143 F. 355, 1906 U.S. App. LEXIS 4640
CourtU.S. Circuit Court for the District of Eastern Pennsylvania
DecidedFebruary 6, 1906
DocketNo. 13
StatusPublished

This text of 143 F. 355 (Girard Trust Co. v. McKinley-Lanning Loan & Trust Co.) is published on Counsel Stack Legal Research, covering U.S. Circuit Court for the District of Eastern Pennsylvania primary law. Counsel Stack provides free access to over 12 million legal documents including statutes, case law, regulations, and constitutions.

Bluebook
Girard Trust Co. v. McKinley-Lanning Loan & Trust Co., 143 F. 355, 1906 U.S. App. LEXIS 4640 (circtedpa 1906).

Opinion

J. B. McPHERSON, District Judge.

The facts upon which the decision of this controversy mainly depends will be found in the opinion delivered by this court (135 Fed. 180) upon exceptions to the interlocutory reports of the master, and a restatement is also contained in the present report. Not long after the court’s decision upon the interlocutory reports, a petition was presented, .asking that the Girard Trust Company be appointed an additional receiver, and on March 13, 1905, the appointment was made. In May, the Girard Trust Company filed an account of its doings as trustee up to the date of March 13, 1905, and the account was referred to the master, “to examine and report thereon and to recommend what decree or decrees should be entered by the court touching the matters and things set forth in said report, and the property administered and under administration as shown in said account, including distribution of moneys on hand.” In obedience to this direction, the master prepared a report, which has been excepted to by the McKinley-Lanning Doan & Trust Company, and by certain of the debenture holders; and it is these exceptions that are now before the court for consideration.

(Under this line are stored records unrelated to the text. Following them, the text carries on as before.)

lemma finite_cliques: "finite V \<Longrightarrow> finite (cliques V E r)"
  by (rule finite_subset[of _ "Pow V"]) (auto simp: cliques_def)

lemma card_clique_less:
  assumes "cliques V E r = {}" and "C \<subseteq> V" and "clique E C"
  shows "card C < r"
proof (rule ccontr)
  assume "\<not> card C < r"
  then obtain D where "D \<subseteq> C" and "card D = r"
    by (meson not_less obtain_subset_with_card_n)
  with assms have "D \<in> cliques V E r"
    unfolding cliques_def clique_def by blast
  with assms(1) show False by blast
qed

lemma finite_edges:
  assumes "\<forall>e\<in>E. e \<subseteq> V" and "finite V"
  shows "finite E"
proof (rule finite_subset)
  show "E \<subseteq> Pow V" using assms(1) by blast
qed (simp add: assms(2))

lemma finite_complete_edges: "finite A \<Longrightarrow> finite (complete_edges A)"
  by (rule finite_subset[of _ "Pow A"]) (auto simp: complete_edges_def)

lemma card_complete_edges: "finite A \<Longrightarrow> card (complete_edges A) = card A choose 2"
  using n_subsets by (simp add: complete_edges_def)

lemma card_edges_inside_le:
  assumes "\<forall>e\<in>E. card e = 2" and "finite S"
  shows "card {e \<in> E. e \<subseteq> S} \<le> card S choose 2"
proof -
  have "{e \<in> E. e \<subseteq> S} \<subseteq> complete_edges S"
    using assms(1) unfolding complete_edges_def by blast
  then have "card {e \<in> E. e \<subseteq> S} \<le> card (complete_edges S)"
    by (intro card_mono finite_complete_edges assms(2))
  then show ?thesis
    using card_complete_edges[OF assms(2)] by simp
qed

lemma image_complete_edges:
  assumes "inj_on f A"
  shows "(`) f ` complete_edges A = complete_edges (f ` A)"
proof
  show "(`) f ` complete_edges A \<subseteq> complete_edges (f ` A)"
    using assms by (auto simp: complete_edges_def card_image inj_on_subset)
next
  show "complete_edges (f ` A) \<subseteq> (`) f ` complete_edges A"
  proof
    fix e assume "e \<in> complete_edges (f ` A)"
    then obtain d where "d \<subseteq> A" and "e = f ` d" and "card e = 2"
      by (auto simp: complete_edges_def subset_image_iff)
    moreover have "inj_on f d"
      using assms \<open>d \<subseteq> A\<close> by (rule inj_on_subset)
    ultimately have "d \<in> complete_edges A"
      by (simp add: complete_edges_def card_image)
    with \<open>e = f ` d\<close> show "e \<in> (`) f ` complete_edges A"
      by blast
  qed
qed

lemma num_sub_complete_graph:
  assumes "finite V"
  shows "num_sub V E (K_verts r) (K_edges r) = card (cliques V E r)"
proof -
  have copy_iff: "(\<exists>f. bij_betw f (K_verts r) C \<and> (`) f ` K_edges r = F)
      \<longleftrightarrow> card C = r \<and> F = complete_edges C" if C_sub: "C \<subseteq> V" for C F
  proof
    assume "\<exists>f. bij_betw f (K_verts r) C \<and> (`) f ` K_edges r = F"
    then obtain f where "bij_betw f {0..<r} C" and "(`) f ` K_edges r = F"
      by (auto simp: K_verts_def)
    then show "card C = r \<and> F = complete_edges C"
      using image_complete_edges[of f "{0..<r}"]
      by (auto simp: bij_betw_def K_edges_def complete_edges_def card_image)
  next
    assume "card C = r \<and> F = complete_edges C"
    moreover obtain f where "bij_betw f {0..<card C} C"
      using ex_bij_betw_nat_finite finite_subset[OF C_sub assms] by blast
    ultimately show "\<exists>f. bij_betw f (K_verts r) C \<and> (`) f ` K_edges r = F"
      using image_complete_edges[of f "{0..<r}"]
      by (auto simp: bij_betw_def K_verts_def K_edges_def complete_edges_def)
  qed
  have "{(C, F). C \<subseteq> V \<and> F \<subseteq> E \<and> (\<exists>f. bij_betw f (K_verts r) C \<and> (`) f ` K_edges r = F)}
      = {(C, F). C \<subseteq> V \<and> F \<subseteq> E \<and> card C = r \<and> F = complete_edges C}"
    (is "?copies = _")
    using copy_iff by (simp cong: conj_cong)
  also have "\<dots> = (\<lambda>C. (C, complete_edges C)) ` cliques V E r"
    by (auto simp: cliques_def clique_iff_complete_edges_subset)
  finally have "?copies = (\<lambda>C. (C, complete_edges C)) ` cliques V E r" .
  moreover have "inj_on (\<lambda>C. (C, complete_edges C)) (cliques V E r)"
    by (auto intro: inj_onI)
  ultimately show ?thesis
    unfolding num_sub_def by (simp add: card_image)
qed

lemma finite_card_graphs: "finite {card E | E. simple_graph {0..<m::nat} E \<and> P E}"
proof (rule finite_subset)
  show "{card E | E. simple_graph {0..<m} E \<and> P E} \<subseteq> card ` Pow (Pow {0..<m})"
    by (auto simp: simple_graph_def)
qed simp

lemma ex_complete_graph:
  "ex m (K_verts r) (K_edges r)
     = Max {card E | E. simple_graph {0..<m} E \<and> cliques {0..<m} E r = {}}"
  unfolding ex_def by (simp add: num_sub_complete_graph finite_cliques)

lemma exa_complete_graph:
  "exa k n (K_verts r) (K_edges r)
     = Max {card E | E. simple_graph {0..<n} E \<and> card (cliques {0..<n} E r) = k}"
  unfolding exa_def by (simp add: num_sub_complete_graph)

lemma clique_image_iff:
  assumes "inj_on g W" and "\<forall>e\<in>G. e \<subseteq> W" and "D \<subseteq> W"
  shows "clique ((`) g ` G) (g ` D) \<longleftrightarrow> clique G D"
proof -
  have edge_iff: "{g x, g y} \<in> (`) g ` G \<longleftrightarrow> {x, y} \<in> G" if "x \<in> D" and "y \<in> D" for x y
  proof -
    have "g ` {x, y} = g ` e \<longleftrightarrow> {x, y} = e" if "e \<in> G" for e
      using assms(2,3) that \<open>x \<in> D\<close> \<open>y \<in> D\<close>
      by (intro inj_on_image_eq_iff[OF assms(1)]) auto
    moreover have "{g x, g y} = g ` {x, y}" by simp
    ultimately show ?thesis
      unfolding image_iff by blast
  qed
  have neq_iff: "g x \<noteq> g y \<longleftrightarrow> x \<noteq> y" if "x \<in> D" and "y \<in> D" for x y
    using that assms(3) by (simp add: inj_on_eq_iff[OF assms(1)] subsetD)
  show ?thesis
    unfolding clique_def by (simp add: edge_iff neq_iff)
qed

lemma cliques_image:
  assumes "inj_on g W" and "\<forall>e\<in>G. e \<subseteq> W"
  shows "cliques (g ` W) ((`) g ` G) r = (`) g ` cliques W G r"
proof (intro equalityI subsetI)
  fix C assume "C \<in> cliques (g ` W) ((`) g ` G) r"
  then have C: "C \<subseteq> g ` W" "card C = r" "clique ((`) g ` G) C"
    unfolding cliques_def by blast+
  then obtain D where "D \<subseteq> W" and "C = g ` D"
    by (auto simp: subset_image_iff)
  moreover have "inj_on g D"
    using assms(1) \<open>D \<subseteq> W\<close> by (rule inj_on_subset)
  ultimately have "D \<in> cliques W G r"
    using C clique_image_iff[OF assms] unfolding cliques_def by (simp add: card_image)
  with \<open>C = g ` D\<close> show "C \<in> (`) g ` cliques W G r"
    by blast
next
  fix C assume "C \<in> (`) g ` cliques W G r"
  then obtain D where "D \<subseteq> W" "card D = r" "clique G D" "C = g ` D"
    unfolding cliques_def by blast
  moreover have "inj_on g D"
    using assms(1) \<open>D \<subseteq> W\<close> by (rule inj_on_subset)
  ultimately show "C \<in> cliques (g ` W) ((`) g ` G) r"
    using clique_image_iff[OF assms] unfolding cliques_def by (auto simp: card_image)
qed

lemma card_le_ex:
  assumes "finite W" and edges: "\<forall>e\<in>G. card e = 2 \<and> e \<subseteq> W" and "cliques W G r = {}"
  shows "card G \<le> ex (card W) (K_verts r) (K_edges r)"
proof -
  obtain g where "bij_betw g W {0..<card W}"
    using ex_bij_betw_finite_nat[OF assms(1)] by blast
  then have inj: "inj_on g W" and img: "g ` W = {0..<card W}"
    by (auto simp: bij_betw_def)
  define G' where "G' = (`) g ` G"
  have "inj_on ((`) g) G"
    using edges by (intro inj_on_subset[OF inj_on_image_Pow[OF inj]]) blast
  then have "card G' = card G"
    unfolding G'_def by (rule card_image)
  moreover have "simple_graph {0..<card W} G'"
    unfolding simple_graph_def
  proof (intro conjI ballI)
    fix e' assume "e' \<in> G'"
    then obtain e where "e \<in> G" and "e' = g ` e"
      unfolding G'_def by blast
    moreover have "inj_on g e"
      using inj edges \<open>e \<in> G\<close> inj_on_subset by blast
    ultimately show "card e' = 2" and "e' \<subseteq> {0..<card W}"
      using edges img by (auto simp: card_image)
  qed simp
  moreover have "\<forall>e\<in>G. e \<subseteq> W"
    using edges by blast
  then have "cliques {0..<card W} G' r = {}"
    using cliques_image[OF inj, of G r] assms(3) img unfolding G'_def by simp
  ultimately have "card G \<in> {card E | E. simple_graph {0..<card W} E \<and> cliques {0..<card W} E r = {}}"
    by (intro CollectI exI[of _ G'] conjI) simp_all
  then show ?thesis
    unfolding ex_complete_graph by (rule Max_ge[OF finite_card_graphs])
qed

lemma ex_attained:
  assumes "2 \<le> r"
  obtains G where "simple_graph {0..<m} G" and "cliques {0..<m} G r = {}"
    and "card G = ex m (K_verts r) (K_edges r)"
proof -
  let ?S = "{card E | E. simple_graph {0..<m} E \<and> cliques {0..<m} E r = {}}"
  have "\<not> clique {} C" if "C \<subseteq> {0..<m}" and "card C = r" for C
    using that assms finite_subset[OF that(1)] by (simp add: clique_empty_iff)
  then have "cliques {0..<m} {} r = {}"
    unfolding cliques_def by blast
  then have "card {} \<in> ?S"
    by (intro CollectI exI[of _ "{}"] conjI) (simp_all add: simple_graph_def)
  then have "?S \<noteq> {}" by blast
  then have "Max ?S \<in> ?S"
    by (rule Max_in[OF finite_card_graphs])
  then obtain G where "card G = Max ?S" and "simple_graph {0..<m} G" and "cliques {0..<m} G r = {}"
    by auto
  then show ?thesis
    using that[of G] unfolding ex_complete_graph by simp
qed


section \<open>Turan's theorem\<close>

lemma card_edges_at_le_card_neighbours:
  assumes "\<forall>e\<in>E. card e = 2" and "finite A"
  shows "card {e \<in> E. x \<in> e \<and> e \<subseteq> insert x A} \<le> card (neighbours A E x)"
proof -
  have fin: "finite (neighbours A E x)"
    by (rule finite_subset[OF neighbours_subset assms(2)])
  have "{e \<in> E. x \<in> e \<and> e \<subseteq> insert x A} \<subseteq> (\<lambda>y. {x, y}) ` neighbours A E x"
  proof (intro subsetI, elim CollectE conjE)
    fix e assume e: "e \<in> E" "x \<in> e" "e \<subseteq> insert x A"
    then obtain a b where ab: "e = {a, b}" "a \<noteq> b"
      using assms(1) by (auto simp: card_2_iff)
    define y where "y = (if a = x then b else a)"
    have "e = {x, y}" and "y \<noteq> x"
      using e(2) ab unfolding y_def by auto
    with e show "e \<in> (\<lambda>y. {x, y}) ` neighbours A E x"
      unfolding neighbours_def by blast
  qed
  then have "card {e \<in> E. x \<in> e \<and> e \<subseteq> insert x A} \<le> card ((\<lambda>y. {x, y}) ` neighbours A E x)"
    by (intro card_mono finite_imageI fin)
  also have "\<dots> \<le> card (neighbours A E x)"
    by (rule card_image_le[OF fin])
  finally show ?thesis .
qed

lemma card_edges_le_card_inside_plus_degrees:
  assumes edges: "\<forall>e\<in>E. card e = 2 \<and> e \<subseteq> V" and "finite V"
    and deg: "\<forall>y\<in>V - A. card (neighbours V E y) \<le> d"
  shows "card E \<le> card {e \<in> E. e \<subseteq> A} + d * card (V - A)"
proof -
  define U where "U = (\<Union>y\<in>V - A. {e \<in> E. y \<in> e \<and> e \<subseteq> insert y V})"
  have "finite E"
    using edges \<open>finite V\<close> by (intro finite_edges) auto
  moreover have "E \<subseteq> {e \<in> E. e \<subseteq> A} \<union> U"
    using edges unfolding U_def by blast
  moreover have "{e \<in> E. e \<subseteq> A} \<union> U \<subseteq> E"
    unfolding U_def by blast
  ultimately have "card E \<le> card ({e \<in> E. e \<subseteq> A} \<union> U)"
    by (metis card_mono finite_subset)
  also have "\<dots> \<le> card {e \<in> E. e \<subseteq> A} + card U"
    by (rule card_Un_le)
  also have "card U \<le> (\<Sum>y\<in>V - A. card {e \<in> E. y \<in> e \<and> e \<subseteq> insert y V})"
    unfolding U_def using \<open>finite V\<close> by (intro card_UN_le) simp
  also have "\<dots> \<le> (\<Sum>y\<in>V - A. d)"
  proof (rule sum_mono)
    fix y assume "y \<in> V - A"
    have "card {e \<in> E. y \<in> e \<and> e \<subseteq> insert y V} \<le> card (neighbours V E y)"
      using edges \<open>finite V\<close> by (intro card_edges_at_le_card_neighbours) auto
    also have "\<dots> \<le> d"
      using deg \<open>y \<in> V - A\<close> by blast
    finally show "card {e \<in> E. y \<in> e \<and> e \<subseteq> insert y V} \<le> d" .
  qed
  finally show ?thesis
    by (simp add: mult.commute)
qed

definition multipartite_edges :: "'a set \<Rightarrow> ('a \<Rightarrow> nat) \<Rightarrow> 'a set set" where
  "multipartite_edges V col = {{x, y} | x y. x \<in> V \<and> y \<in> V \<and> col x \<noteq> col y}"

lemma multipartite_edges_subset_Pow: "multipartite_edges V col \<subseteq> Pow V"
  unfolding multipartite_edges_def by auto

lemma finite_multipartite_edges: "finite V \<Longrightarrow> finite (multipartite_edges V col)"
  using multipartite_edges_subset_Pow finite_subset by (metis finite_Pow_iff)

lemma card_multipartite_edges_add_class:
  assumes "finite V" and "A \<subseteq> V" and "\<forall>x\<in>A. col x \<noteq> c"
  shows "card (multipartite_edges A col) + card A * card (V - A)
           \<le> card (multipartite_edges V (\<lambda>x. if x \<in> A then col x else c))"
proof -
  define X where "X = (\<lambda>(x, y). {x, y}) ` (A \<times> (V - A))"
  have "inj_on (\<lambda>(x, y). {x, y}) (A \<times> (V - A))"
    by (auto simp: inj_on_def doubleton_eq_iff)
  then have "card X = card A * card (V - A)"
    unfolding X_def by (simp add: card_image card_cartesian_product)
  moreover have "multipartite_edges A col \<inter> X = {}"
    using multipartite_edges_subset_Pow unfolding X_def by blast
  moreover have "finite (multipartite_edges A col)" and "finite X"
    using assms finite_subset finite_multipartite_edges unfolding X_def by blast+
  ultimately have "card (multipartite_edges A col) + card A * card (V - A)
      = card (multipartite_edges A col \<union> X)"
    by (simp add: card_Un_disjoint)
  also have "\<dots> \<le> card (multipartite_edges V (\<lambda>x. if x \<in> A then col x else c))"
  proof (rule card_mono)
    show "finite (multipartite_edges V (\<lambda>x. if x \<in> A then col x else c))"
      using assms(1) by (rule finite_multipartite_edges)
    show "multipartite_edges A col \<union> X \<subseteq> multipartite_edges V (\<lambda>x. if x \<in> A then col x else c)"
      using assms(2,3) unfolding multipartite_edges_def X_def by fastforce
  qed
  finally show ?thesis .
qed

The question of most importance, namely, whether any of the expenses incurred in collecting the assets that were deposited with the accountant as security for the debenture holders can be lawfully charged against the fund collected, was decided by the master and by the circuit court adversely to the exceptants, at the time when the interlocutory reports were under review. I do not think it necessary to add anything now to what will be found in the two reports of the master upon this subject, and I see no reason to change the opinion that I have already expressed.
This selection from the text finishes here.